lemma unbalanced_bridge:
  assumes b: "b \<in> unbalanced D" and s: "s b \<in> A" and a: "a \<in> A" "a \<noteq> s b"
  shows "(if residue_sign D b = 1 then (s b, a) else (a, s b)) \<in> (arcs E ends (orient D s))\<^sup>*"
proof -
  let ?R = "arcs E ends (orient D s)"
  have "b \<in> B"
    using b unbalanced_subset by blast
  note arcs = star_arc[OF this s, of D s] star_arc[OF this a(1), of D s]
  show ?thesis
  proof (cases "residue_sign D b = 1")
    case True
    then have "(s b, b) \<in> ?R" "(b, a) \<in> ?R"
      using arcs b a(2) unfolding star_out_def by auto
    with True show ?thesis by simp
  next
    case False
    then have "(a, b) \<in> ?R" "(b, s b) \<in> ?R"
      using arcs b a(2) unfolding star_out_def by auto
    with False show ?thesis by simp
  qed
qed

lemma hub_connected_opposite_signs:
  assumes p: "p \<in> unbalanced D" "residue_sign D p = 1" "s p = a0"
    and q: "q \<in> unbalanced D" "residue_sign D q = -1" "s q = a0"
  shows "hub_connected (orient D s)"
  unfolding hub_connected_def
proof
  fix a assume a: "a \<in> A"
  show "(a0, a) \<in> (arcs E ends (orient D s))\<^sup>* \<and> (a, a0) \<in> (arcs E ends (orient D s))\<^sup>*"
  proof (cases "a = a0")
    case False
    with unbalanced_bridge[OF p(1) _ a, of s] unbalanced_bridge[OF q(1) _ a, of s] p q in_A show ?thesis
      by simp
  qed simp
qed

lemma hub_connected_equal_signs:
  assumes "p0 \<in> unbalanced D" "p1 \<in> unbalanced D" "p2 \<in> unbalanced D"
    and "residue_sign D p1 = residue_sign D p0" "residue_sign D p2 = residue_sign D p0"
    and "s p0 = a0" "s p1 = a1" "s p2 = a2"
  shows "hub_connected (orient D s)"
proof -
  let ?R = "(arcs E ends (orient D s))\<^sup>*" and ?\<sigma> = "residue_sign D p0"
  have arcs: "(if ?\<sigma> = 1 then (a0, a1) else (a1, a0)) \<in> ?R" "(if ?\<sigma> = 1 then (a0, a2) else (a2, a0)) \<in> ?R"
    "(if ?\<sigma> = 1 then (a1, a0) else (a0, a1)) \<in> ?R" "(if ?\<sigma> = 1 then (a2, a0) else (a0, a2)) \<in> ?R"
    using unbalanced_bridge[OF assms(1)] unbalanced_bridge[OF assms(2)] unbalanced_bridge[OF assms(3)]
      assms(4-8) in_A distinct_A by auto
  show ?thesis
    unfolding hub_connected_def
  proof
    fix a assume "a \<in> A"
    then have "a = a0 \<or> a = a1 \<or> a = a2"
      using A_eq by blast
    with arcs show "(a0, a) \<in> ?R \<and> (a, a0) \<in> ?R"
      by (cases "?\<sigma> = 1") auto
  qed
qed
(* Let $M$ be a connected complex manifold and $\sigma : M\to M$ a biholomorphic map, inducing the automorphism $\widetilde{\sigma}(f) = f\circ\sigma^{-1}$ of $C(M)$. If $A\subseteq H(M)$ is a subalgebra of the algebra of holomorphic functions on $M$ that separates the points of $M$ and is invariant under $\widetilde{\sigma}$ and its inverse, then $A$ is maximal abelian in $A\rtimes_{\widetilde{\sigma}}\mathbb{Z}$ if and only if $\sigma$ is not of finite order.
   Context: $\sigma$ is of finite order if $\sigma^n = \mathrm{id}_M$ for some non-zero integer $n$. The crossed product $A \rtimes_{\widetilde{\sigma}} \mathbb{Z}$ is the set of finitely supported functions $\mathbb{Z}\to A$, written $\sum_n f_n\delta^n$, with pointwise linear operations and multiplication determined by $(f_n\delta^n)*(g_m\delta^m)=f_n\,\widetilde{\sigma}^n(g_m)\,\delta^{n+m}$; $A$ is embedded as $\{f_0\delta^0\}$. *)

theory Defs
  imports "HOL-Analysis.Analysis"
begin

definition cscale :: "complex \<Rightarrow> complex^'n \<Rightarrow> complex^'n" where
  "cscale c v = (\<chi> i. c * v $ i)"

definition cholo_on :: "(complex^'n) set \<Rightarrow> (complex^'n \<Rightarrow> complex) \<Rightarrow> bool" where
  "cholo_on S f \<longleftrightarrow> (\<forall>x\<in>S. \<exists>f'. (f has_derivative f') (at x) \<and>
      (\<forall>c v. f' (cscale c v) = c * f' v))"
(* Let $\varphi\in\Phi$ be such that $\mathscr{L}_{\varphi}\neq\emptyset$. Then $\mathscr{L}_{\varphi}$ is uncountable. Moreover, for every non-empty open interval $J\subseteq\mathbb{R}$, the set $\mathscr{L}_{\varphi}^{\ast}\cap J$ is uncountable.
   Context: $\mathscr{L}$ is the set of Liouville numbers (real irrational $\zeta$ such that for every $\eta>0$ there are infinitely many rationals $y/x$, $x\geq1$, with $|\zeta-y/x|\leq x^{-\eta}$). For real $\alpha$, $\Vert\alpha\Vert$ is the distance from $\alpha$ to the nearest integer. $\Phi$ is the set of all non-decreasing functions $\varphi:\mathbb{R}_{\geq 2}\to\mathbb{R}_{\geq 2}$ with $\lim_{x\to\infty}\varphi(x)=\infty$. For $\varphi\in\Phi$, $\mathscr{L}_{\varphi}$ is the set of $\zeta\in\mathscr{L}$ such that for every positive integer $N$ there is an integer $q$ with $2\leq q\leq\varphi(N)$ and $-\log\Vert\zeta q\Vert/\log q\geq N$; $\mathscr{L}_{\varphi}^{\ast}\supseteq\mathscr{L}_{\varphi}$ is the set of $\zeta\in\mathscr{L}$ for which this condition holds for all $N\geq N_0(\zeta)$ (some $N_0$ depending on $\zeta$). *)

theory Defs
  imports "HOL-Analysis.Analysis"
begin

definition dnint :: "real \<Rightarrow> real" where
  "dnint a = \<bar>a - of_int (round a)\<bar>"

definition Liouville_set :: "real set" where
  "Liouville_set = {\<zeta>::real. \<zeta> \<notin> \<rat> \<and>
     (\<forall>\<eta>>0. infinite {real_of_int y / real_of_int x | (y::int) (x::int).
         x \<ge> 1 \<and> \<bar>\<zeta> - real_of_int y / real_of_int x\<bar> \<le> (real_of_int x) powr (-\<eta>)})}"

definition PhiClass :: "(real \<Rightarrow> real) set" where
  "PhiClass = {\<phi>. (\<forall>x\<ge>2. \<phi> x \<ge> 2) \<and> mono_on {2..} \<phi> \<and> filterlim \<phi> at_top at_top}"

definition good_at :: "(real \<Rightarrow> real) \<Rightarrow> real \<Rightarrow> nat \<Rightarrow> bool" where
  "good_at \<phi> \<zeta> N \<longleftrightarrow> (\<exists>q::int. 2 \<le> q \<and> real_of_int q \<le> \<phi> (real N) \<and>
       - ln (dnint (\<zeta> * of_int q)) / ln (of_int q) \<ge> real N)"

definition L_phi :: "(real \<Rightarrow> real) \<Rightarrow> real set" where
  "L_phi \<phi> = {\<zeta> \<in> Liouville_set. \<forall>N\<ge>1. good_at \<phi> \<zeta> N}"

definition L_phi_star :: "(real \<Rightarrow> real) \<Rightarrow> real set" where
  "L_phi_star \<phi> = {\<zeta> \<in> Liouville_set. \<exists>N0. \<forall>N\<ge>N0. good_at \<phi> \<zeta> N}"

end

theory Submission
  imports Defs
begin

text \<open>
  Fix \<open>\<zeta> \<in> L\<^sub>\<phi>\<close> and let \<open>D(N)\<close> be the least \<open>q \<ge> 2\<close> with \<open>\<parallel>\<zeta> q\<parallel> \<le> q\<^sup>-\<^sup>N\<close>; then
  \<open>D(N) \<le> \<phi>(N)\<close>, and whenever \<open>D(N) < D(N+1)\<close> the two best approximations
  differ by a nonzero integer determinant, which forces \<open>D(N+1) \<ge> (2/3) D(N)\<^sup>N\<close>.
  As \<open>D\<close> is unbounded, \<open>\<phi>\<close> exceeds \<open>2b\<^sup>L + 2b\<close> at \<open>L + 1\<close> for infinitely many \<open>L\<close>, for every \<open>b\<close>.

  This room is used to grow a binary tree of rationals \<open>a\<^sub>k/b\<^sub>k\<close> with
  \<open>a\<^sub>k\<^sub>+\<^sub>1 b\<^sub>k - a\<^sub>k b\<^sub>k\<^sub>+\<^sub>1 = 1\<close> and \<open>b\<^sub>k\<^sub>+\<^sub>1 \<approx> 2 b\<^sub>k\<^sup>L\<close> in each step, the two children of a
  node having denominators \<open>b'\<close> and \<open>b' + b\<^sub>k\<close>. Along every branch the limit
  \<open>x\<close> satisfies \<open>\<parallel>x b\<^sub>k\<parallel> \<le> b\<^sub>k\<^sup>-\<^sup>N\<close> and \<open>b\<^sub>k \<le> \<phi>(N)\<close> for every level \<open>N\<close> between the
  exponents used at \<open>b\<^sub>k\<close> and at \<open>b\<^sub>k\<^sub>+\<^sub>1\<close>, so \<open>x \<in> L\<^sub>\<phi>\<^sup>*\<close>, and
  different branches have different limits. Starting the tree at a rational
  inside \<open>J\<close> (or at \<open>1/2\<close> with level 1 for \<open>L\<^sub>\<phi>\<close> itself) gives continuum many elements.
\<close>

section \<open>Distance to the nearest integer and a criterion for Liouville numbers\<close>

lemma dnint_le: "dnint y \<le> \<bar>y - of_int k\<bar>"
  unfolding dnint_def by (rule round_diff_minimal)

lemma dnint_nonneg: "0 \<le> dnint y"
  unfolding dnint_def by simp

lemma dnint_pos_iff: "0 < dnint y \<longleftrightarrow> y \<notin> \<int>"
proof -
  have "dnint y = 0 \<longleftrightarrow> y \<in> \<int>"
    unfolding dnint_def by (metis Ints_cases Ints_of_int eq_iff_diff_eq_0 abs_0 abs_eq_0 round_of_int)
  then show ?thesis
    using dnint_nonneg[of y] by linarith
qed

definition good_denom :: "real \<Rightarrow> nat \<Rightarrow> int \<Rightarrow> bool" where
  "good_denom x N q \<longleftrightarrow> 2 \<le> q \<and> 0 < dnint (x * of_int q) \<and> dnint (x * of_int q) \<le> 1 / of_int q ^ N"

- - - - -

--- Problem requirements ---
Keep both end lines and retype everything in the records above from the line containing "a = \<bar>a" through the line containing "x \<ge> 1 \<and>", exactly, with nothing else.

--- Final answer ---
  "dnint a = \<bar>a - of_int (round a)\<bar>"

definition Liouville_set :: "real set" where
  "Liouville_set = {\<zeta>::real. \<zeta> \<notin> \<rat> \<and>
     (\<forall>\<eta>>0. infinite {real_of_int y / real_of_int x | (y::int) (x::int).
         x \<ge> 1 \<and> \<bar>\<zeta> - real_of_int y / real_of_int x\<bar> \<le> (real_of_int x) powr (-\<eta>)})}"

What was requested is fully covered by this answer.